Common Core -- Closing the Math Achievement Gap
By Peter Schurmann
San Francisco, CA
US students’ poor showing in international rankings of math proficiency signals a growing barrier to upward mobility for the nation’s low-income and minority students. Some go so far as to call math the new literacy tests of our generation.
Advocates of the new Common Core State Standards, however, argue their adoption could help close that gap and bring some equity to the math landscape.
Professor Judit Moschkovich teaches math education at the University of California Santa Cruz. She says the new standards will help change the way math is taught in classrooms around the country, making instruction both more relevant to students and aligning it with how math is taught in countries outside the United States.
“What you test is what you get,” says Moschkovich, pointing to the assessments designed for the CCSS. “Assessments lead curricular reform,” she explains. “By changing the assessments, you change the curriculum … and teachers are grounded in curriculum.”
Moschkovich notes that America’s longstanding problem with math is tied in large part to a longstanding pedagogical attitude here that attaches little importance to preparing math instructors.
“I have people who apply to the secondary [teaching] credential who have never had a math class in college,” says Moschkovich. “Something is wrong in terms of the perception that you can teach high school math if you took high school math. This started way before the Common Core.”
The new standards, she explains, attempt to strike a balance between teaching computational skills, on the one hand, with a conceptual understanding of the mechanics at work. “This is what other countries have been doing and is partly why they do better on international comparisons.”
According to the latest PISA (Program for International Students Assessment) study , released by the 34-member Organization for Economic Cooperation and Development (OECD), US students ranked 23rd out of 26 developed economies in math proficiency.
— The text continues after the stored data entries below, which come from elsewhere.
lemma kappaA_min_at_half:
  fixes q n s :: nat
  assumes "q \<ge> 3" "s \<le> n - 1" "even s" "q * s \<le> 2 * (n - 1)" "b \<le> s div 2"
  shows "kappaA q n (s - 2 * (s div 2)) (s div 2) \<le> kappaA q n (s - 2 * b) b"
proof -
  obtain t where s: "s = 2 * t"
    using assms(3) by blast
  have "covering_ratio q (n - s + 2 * t) t \<le> covering_ratio q (n - s + 2 * b) b"
  proof (rule valley_le[where f = "\<lambda>b. covering_ratio q (n - s + 2 * b) b"])
    fix j assume "j < t"
    then have "(q - 2) * Suc j \<le> (q - 2) * t"
      by (intro mult_le_mono2) simp
    moreover have "q * s = 2 * ((q - 2) * t) + 2 * s"
      using assms(1) s by (simp add: algebra_simps flip: add_mult_distrib2)
    moreover have "0 < (q - 2) * Suc j"
      using assms(1) by simp
    ultimately have "(q - 2) * Suc j + 1 \<le> n - s"
      using assms(2,4) by linarith
    then show "covering_ratio q (n - s + 2 * Suc j) (Suc j) \<le> covering_ratio q (n - s + 2 * j) j"
      by (rule covering_ratio_step_le[OF assms(1)])
  qed (use assms(5) s in auto)
  moreover have "2 * t \<le> s" "2 * b \<le> s" "s \<le> n"
    using assms(2,5) s by auto
  ultimately show ?thesis
    using assms(1) s kappaA_trade_eq[of t s n q] kappaA_trade_eq[of b s n q] by simp
qed

lemma threshold_div_le_half:
  fixes q n s :: nat
  assumes "q \<ge> 3" "s \<le> n - 1" "even s" "2 * (n - 1) \<le> q * s"
  shows "(n - 1 - s) div (q - 2) \<le> s div 2"
proof -
  obtain t where s: "s = 2 * t"
    using assms(3) by blast
  have "q * s = 2 * ((q - 2) * t) + 2 * s"
    using assms(1) s by (simp add: algebra_simps flip: add_mult_distrib2)
  then have "(q - 2) * ((n - 1 - s) div (q - 2)) \<le> (q - 2) * t"
    using times_div_less_eq_dividend[of "q - 2" "n - 1 - s"] assms(4) by linarith
  then show ?thesis
    using assms(1) s by simp
qed

lemma kappaA_min_at_floor:
  fixes q n s :: nat
  assumes "q \<ge> 3" "s \<le> n - 1" "even s" "2 * (n - 1) \<le> q * s" "b \<le> s div 2"
  defines "B \<equiv> (n - 1 - s) div (q - 2)"
  shows "kappaA q n (s - 2 * B) B \<le> kappaA q n (s - 2 * b) b"
proof -
  have below: "(q - 2) * B \<le> n - 1 - s"
    unfolding B_def by (rule times_div_less_eq_dividend)
  have above: "n - 1 - s < (q - 2) * Suc B"
    using dividend_less_times_div[of "q - 2" "n - 1 - s"] assms(1) unfolding B_def by simp
  have "covering_ratio q (n - s + 2 * B) B \<le> covering_ratio q (n - s + 2 * b) b"
  proof (rule valley_le[where f = "\<lambda>b. covering_ratio q (n - s + 2 * b) b"])
    fix j assume "j < B"
    then have "(q - 2) * Suc j \<le> (q - 2) * B"
      by (intro mult_le_mono2) simp
    moreover have "0 < (q - 2) * Suc j"
      using assms(1) by simp
    ultimately have "(q - 2) * Suc j + 1 \<le> n - s"
      using below assms(2) by linarith
    then show "covering_ratio q (n - s + 2 * Suc j) (Suc j) \<le> covering_ratio q (n - s + 2 * j) j"
      by (rule covering_ratio_step_le[OF assms(1)])
  next
    fix j assume "B \<le> j"
    then have "(q - 2) * Suc B \<le> (q - 2) * Suc j"
      by (intro mult_le_mono2) simp
    then have "n - s \<le> (q - 2) * Suc j + 1"
      using above by linarith
    then show "covering_ratio q (n - s + 2 * j) j \<le> covering_ratio q (n - s + 2 * Suc j) (Suc j)"
      by (rule covering_ratio_step_ge[OF assms(1)])
  qed (rule assms(5))
  moreover have "B \<le> s div 2"
    unfolding B_def using assms(1-4) by (rule threshold_div_le_half)
  ultimately show ?thesis
    using assms(1-3,5) by (auto simp: kappaA_trade_eq)
qed

section \<open>Growth rate of the minimum\<close>

lemma binomial_term_le_power:
  assumes "j \<le> k"
  shows "(k choose j) * r ^ (k - j) \<le> (Suc r) ^ k"
proof -
  have "(k choose j) * r ^ (k - j) \<le> (\<Sum>i\<le>k. (k choose i) * r ^ (k - i))"
    using assms by (intro member_le_sum) auto
  also have "\<dots> = (Suc r) ^ k"
    using binomial_ring[of 1 r k] by simp
  finally show ?thesis .
qed

lemma covering_ratio_lower:
  assumes "q \<ge> 2"
  shows "(real q - 1) ^ m / real (b + 1) \<le> covering_ratio q (m + 2 * b) b"
proof -
  define k where "k = m + 2 * b"
  have "(q - 1) ^ m * ((k choose j) * (q - 1) ^ j) \<le> q ^ k" if "j \<le> b" for j
  proof -
    have "(q - 1) ^ m * ((k choose j) * (q - 1) ^ j) = (k choose j) * (q - 1) ^ (m + j)"
      by (simp add: power_add algebra_simps)
    also have "\<dots> \<le> (k choose j) * (q - 1) ^ (k - j)"
      using that assms unfolding k_def by (intro mult_le_mono2 power_increasing) auto
    also have "\<dots> \<le> q ^ k"
      using binomial_term_le_power[of j k "q - 1"] that assms unfolding k_def by simp
    finally show ?thesis .
  qed
  then have "(q - 1) ^ m * hamming_vol q k b \<le> (b + 1) * q ^ k"
    unfolding hamming_vol_def sum_distrib_left
    using sum_mono[of "{..b}" _ "\<lambda>_. q ^ k"] by simp
  then have "real ((q - 1) ^ m * hamming_vol q k b) \<le> real ((b + 1) * q ^ k)"
    by (simp only: of_nat_le_iff)
  then have "(real q - 1) ^ m * hamming_vol q k b \<le> (b + 1) * real q ^ k"
    using assms by (simp add: of_nat_diff algebra_simps)
  then show ?thesis
    using hamming_vol_pos[of q k b] unfolding covering_ratio_def k_def[symmetric]
    by (simp add: divide_simps algebra_simps)
qed

lemma binomial_term_ratio:
  assumes "j < k"
  shows "(k choose Suc j) * r ^ (k - Suc j) * (Suc j * r) = (k choose j) * r ^ (k - j) * (k - j)"
proof -
  have "r ^ (k - j) = r ^ (k - Suc j) * r"
    using assms by (metis Suc_diff_Suc power_Suc2)
  moreover have "Suc j * (k choose Suc j) = (k - j) * (k choose j)"
    using binomial_absorption[of j k] binomial_absorb_comp[of k j] by simp
  ultimately show ?thesis
    by (metis mult.assoc mult.commute mult.left_commute)
qed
The survey, conducted every three years, looks at math and literacy skills in 64 countries.
In the United States, low income and minority students – many of them African American and Latino – have traditionally fared the worst when it comes to math, putting them on the lowest rung in an area deemed crucial to academic advancement and access to higher paying jobs.
According to the 2013 National Assessment of Educational Progress (NAEP), only 11 percent of African American students in California tested proficient in eighth grade math, while only 15 percent of Latinos tested proficient. That compares to 42 percent for white students.
In the California State University (CSU) system, 83 percent of African American students and 75 percent of Latinos who enrolled last year were placed in pre-college level math courses, according to a study put out by the advocacy group Campaign for College Opportunity .
In community colleges, 85 percent of incoming students were assessed as being unprepared for college-level math. Only one-in-five, the study shows, will go on to complete either a vocational or associate degree.
California adopted the CCSS in 2010, joining 44 other states and the District of Columbia. It is now in the process of developing computer-adapted assessments – called the Smarter Balance – expected to be in place by 2014. Last year, Gov. Jerry Brown set aside some $1.25 billion for implementation of the CCSS, including enhancement of school technology and teacher development.
Not everyone is optimistic about the change.
Dianne Resek is professor of mathematics at San Francisco State University. A veteran of the so-called “math wars” – a two-decade old debate over just how math should be taught in schools – she says the new standards set teachers and their students up for failure.
“My problem with the CCSS is that it’s list of concepts of skills … [have] taken us way back to a mile wide and an inch deep” by introducing a “laundry list” of skills that teachers have to cover. In low-income schools, particularly, she says the high teacher turnover rate means students end up with inexperienced math instructors who won’t be able to meet that challenge.
She also echoes other critics of the CCSS, who say the standards introduce concepts to students before they are cognitively ready. “So for example, in kindergarten, [the CCSS] has kids counting to a hundred. And if you come to kindergarten and haven’t counted much before, that’s a huge leap and you’re not going to catch on.”
The worry, she says, is that for traditionally underperforming students the CCSS will only widen an already yawning achievement gap.
Those concerns were fueled by the release of test results in states like New York and Kentucky , early adopters of the Common Core, which showed a sharp drop in test scores even among students that had traditionally done well in math.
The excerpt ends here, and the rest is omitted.